• _RECORD SET_
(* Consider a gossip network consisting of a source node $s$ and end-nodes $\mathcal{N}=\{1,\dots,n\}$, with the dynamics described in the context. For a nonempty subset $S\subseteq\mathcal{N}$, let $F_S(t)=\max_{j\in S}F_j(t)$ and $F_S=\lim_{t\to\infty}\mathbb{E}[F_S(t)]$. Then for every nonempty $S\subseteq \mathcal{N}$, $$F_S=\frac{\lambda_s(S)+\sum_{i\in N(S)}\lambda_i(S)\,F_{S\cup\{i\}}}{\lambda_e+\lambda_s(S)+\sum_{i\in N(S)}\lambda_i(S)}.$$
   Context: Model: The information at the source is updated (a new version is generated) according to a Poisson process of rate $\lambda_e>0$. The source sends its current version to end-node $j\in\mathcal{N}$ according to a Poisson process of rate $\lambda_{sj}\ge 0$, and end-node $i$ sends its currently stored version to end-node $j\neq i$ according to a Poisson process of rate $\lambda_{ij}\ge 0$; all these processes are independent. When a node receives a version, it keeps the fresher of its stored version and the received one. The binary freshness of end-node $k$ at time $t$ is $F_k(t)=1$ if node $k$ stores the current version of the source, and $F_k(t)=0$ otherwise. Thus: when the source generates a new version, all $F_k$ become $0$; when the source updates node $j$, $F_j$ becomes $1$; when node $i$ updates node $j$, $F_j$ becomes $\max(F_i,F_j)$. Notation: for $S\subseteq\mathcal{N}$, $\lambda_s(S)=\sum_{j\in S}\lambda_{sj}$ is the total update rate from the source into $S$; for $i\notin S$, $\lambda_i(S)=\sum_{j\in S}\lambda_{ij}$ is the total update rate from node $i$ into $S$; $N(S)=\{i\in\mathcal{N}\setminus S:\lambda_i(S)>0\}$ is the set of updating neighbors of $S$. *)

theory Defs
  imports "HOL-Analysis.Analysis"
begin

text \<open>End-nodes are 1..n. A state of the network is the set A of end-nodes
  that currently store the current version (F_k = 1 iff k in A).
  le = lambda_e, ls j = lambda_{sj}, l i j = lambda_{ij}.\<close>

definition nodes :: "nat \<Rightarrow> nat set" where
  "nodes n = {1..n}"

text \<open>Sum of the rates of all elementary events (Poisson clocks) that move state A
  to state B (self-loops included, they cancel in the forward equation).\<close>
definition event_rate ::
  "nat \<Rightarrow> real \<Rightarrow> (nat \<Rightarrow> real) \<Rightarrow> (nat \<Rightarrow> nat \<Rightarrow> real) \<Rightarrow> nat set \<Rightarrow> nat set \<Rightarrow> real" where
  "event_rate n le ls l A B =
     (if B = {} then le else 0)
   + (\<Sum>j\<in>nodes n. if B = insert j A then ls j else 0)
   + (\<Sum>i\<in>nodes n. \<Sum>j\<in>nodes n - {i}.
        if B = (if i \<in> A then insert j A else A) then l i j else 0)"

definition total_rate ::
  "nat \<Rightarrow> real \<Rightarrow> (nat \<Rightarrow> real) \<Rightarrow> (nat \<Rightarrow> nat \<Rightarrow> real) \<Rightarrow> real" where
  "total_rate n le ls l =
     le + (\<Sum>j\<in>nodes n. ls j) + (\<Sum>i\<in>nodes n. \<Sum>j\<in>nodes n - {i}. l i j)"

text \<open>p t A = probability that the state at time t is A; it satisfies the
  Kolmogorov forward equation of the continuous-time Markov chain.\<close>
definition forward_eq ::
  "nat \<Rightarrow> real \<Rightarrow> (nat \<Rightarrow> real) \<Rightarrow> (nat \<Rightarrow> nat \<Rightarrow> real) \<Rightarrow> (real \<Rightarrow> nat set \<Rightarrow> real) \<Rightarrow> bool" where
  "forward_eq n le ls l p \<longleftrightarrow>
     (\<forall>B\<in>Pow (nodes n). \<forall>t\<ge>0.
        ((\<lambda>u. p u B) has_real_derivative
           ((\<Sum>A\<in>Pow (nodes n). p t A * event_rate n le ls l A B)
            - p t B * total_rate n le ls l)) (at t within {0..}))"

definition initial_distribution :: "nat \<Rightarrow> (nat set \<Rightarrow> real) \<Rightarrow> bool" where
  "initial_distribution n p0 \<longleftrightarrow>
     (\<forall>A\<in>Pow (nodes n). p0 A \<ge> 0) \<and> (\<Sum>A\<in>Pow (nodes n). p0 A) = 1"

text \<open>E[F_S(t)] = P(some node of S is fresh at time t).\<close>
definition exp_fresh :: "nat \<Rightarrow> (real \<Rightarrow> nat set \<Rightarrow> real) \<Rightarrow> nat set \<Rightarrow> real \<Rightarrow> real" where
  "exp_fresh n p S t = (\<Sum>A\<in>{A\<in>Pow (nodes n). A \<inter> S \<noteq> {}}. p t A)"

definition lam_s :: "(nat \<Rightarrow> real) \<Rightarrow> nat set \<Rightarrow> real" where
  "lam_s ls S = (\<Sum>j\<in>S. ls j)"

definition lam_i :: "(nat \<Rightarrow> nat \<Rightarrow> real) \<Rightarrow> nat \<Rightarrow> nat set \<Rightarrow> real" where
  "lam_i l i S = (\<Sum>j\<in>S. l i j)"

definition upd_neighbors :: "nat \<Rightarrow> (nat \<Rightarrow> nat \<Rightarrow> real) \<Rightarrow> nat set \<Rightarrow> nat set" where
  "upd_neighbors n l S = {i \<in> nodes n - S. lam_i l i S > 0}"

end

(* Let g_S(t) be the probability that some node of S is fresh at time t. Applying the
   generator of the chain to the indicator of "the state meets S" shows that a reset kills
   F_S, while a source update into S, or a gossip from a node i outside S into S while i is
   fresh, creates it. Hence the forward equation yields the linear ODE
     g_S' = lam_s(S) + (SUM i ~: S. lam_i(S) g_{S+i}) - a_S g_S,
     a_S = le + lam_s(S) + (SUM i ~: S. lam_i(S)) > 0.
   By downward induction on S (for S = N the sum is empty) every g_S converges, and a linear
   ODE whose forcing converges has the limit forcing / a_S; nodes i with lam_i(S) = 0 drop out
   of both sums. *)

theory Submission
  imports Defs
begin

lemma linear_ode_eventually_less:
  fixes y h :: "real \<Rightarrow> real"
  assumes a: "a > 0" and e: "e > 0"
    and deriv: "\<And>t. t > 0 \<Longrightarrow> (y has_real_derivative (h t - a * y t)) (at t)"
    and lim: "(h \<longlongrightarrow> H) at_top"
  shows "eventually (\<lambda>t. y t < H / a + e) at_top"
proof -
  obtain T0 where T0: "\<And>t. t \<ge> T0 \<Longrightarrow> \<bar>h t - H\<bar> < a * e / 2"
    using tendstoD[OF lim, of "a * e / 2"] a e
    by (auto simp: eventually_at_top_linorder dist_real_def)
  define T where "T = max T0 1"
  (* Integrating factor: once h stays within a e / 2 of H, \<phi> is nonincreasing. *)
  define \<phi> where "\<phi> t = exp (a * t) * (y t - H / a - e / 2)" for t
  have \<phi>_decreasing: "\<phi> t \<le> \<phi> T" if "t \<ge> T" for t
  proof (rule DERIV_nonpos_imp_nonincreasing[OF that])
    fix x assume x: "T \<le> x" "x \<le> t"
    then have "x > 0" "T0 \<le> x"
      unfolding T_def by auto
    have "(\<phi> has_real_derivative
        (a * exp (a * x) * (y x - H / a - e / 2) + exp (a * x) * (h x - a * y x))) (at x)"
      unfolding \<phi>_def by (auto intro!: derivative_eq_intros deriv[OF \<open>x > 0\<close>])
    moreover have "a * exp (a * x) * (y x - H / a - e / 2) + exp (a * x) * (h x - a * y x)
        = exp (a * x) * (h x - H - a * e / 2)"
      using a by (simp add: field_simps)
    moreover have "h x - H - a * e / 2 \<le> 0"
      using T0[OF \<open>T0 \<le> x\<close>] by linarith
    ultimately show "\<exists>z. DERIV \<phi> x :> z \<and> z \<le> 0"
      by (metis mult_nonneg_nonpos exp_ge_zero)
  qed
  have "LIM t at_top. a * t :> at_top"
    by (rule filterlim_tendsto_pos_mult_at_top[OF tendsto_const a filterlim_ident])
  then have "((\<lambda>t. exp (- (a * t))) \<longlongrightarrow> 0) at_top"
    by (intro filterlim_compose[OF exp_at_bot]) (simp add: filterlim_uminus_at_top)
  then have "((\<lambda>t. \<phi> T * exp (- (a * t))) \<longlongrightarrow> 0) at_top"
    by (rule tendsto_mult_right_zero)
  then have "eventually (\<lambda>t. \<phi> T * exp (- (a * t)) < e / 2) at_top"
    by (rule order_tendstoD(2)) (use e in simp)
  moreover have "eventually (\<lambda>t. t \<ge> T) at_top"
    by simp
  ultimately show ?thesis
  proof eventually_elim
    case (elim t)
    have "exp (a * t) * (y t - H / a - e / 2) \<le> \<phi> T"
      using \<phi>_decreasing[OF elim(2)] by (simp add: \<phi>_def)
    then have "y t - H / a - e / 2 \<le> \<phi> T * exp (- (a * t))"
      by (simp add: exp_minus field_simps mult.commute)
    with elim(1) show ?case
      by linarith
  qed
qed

• _THE TASK_
From the records above, give again exactly the lines running from the line with "a * e / 2 \<le>" to the line with "by (rule tendsto_mult_right_zero)", inclusive.

• _COMPLETED EXERCISE_
    moreover have "h x - H - a * e / 2 \<le> 0"
      using T0[OF \<open>T0 \<le> x\<close>] by linarith
    ultimately show "\<exists>z. DERIV \<phi> x :> z \<and> z \<le> 0"
      by (metis mult_nonneg_nonpos exp_ge_zero)
  qed
  have "LIM t at_top. a * t :> at_top"
    by (rule filterlim_tendsto_pos_mult_at_top[OF tendsto_const a filterlim_ident])
  then have "((\<lambda>t. exp (- (a * t))) \<longlongrightarrow> 0) at_top"
    by (intro filterlim_compose[OF exp_at_bot]) (simp add: filterlim_uminus_at_top)
  then have "((\<lambda>t. \<phi> T * exp (- (a * t))) \<longlongrightarrow> 0) at_top"
    by (rule tendsto_mult_right_zero)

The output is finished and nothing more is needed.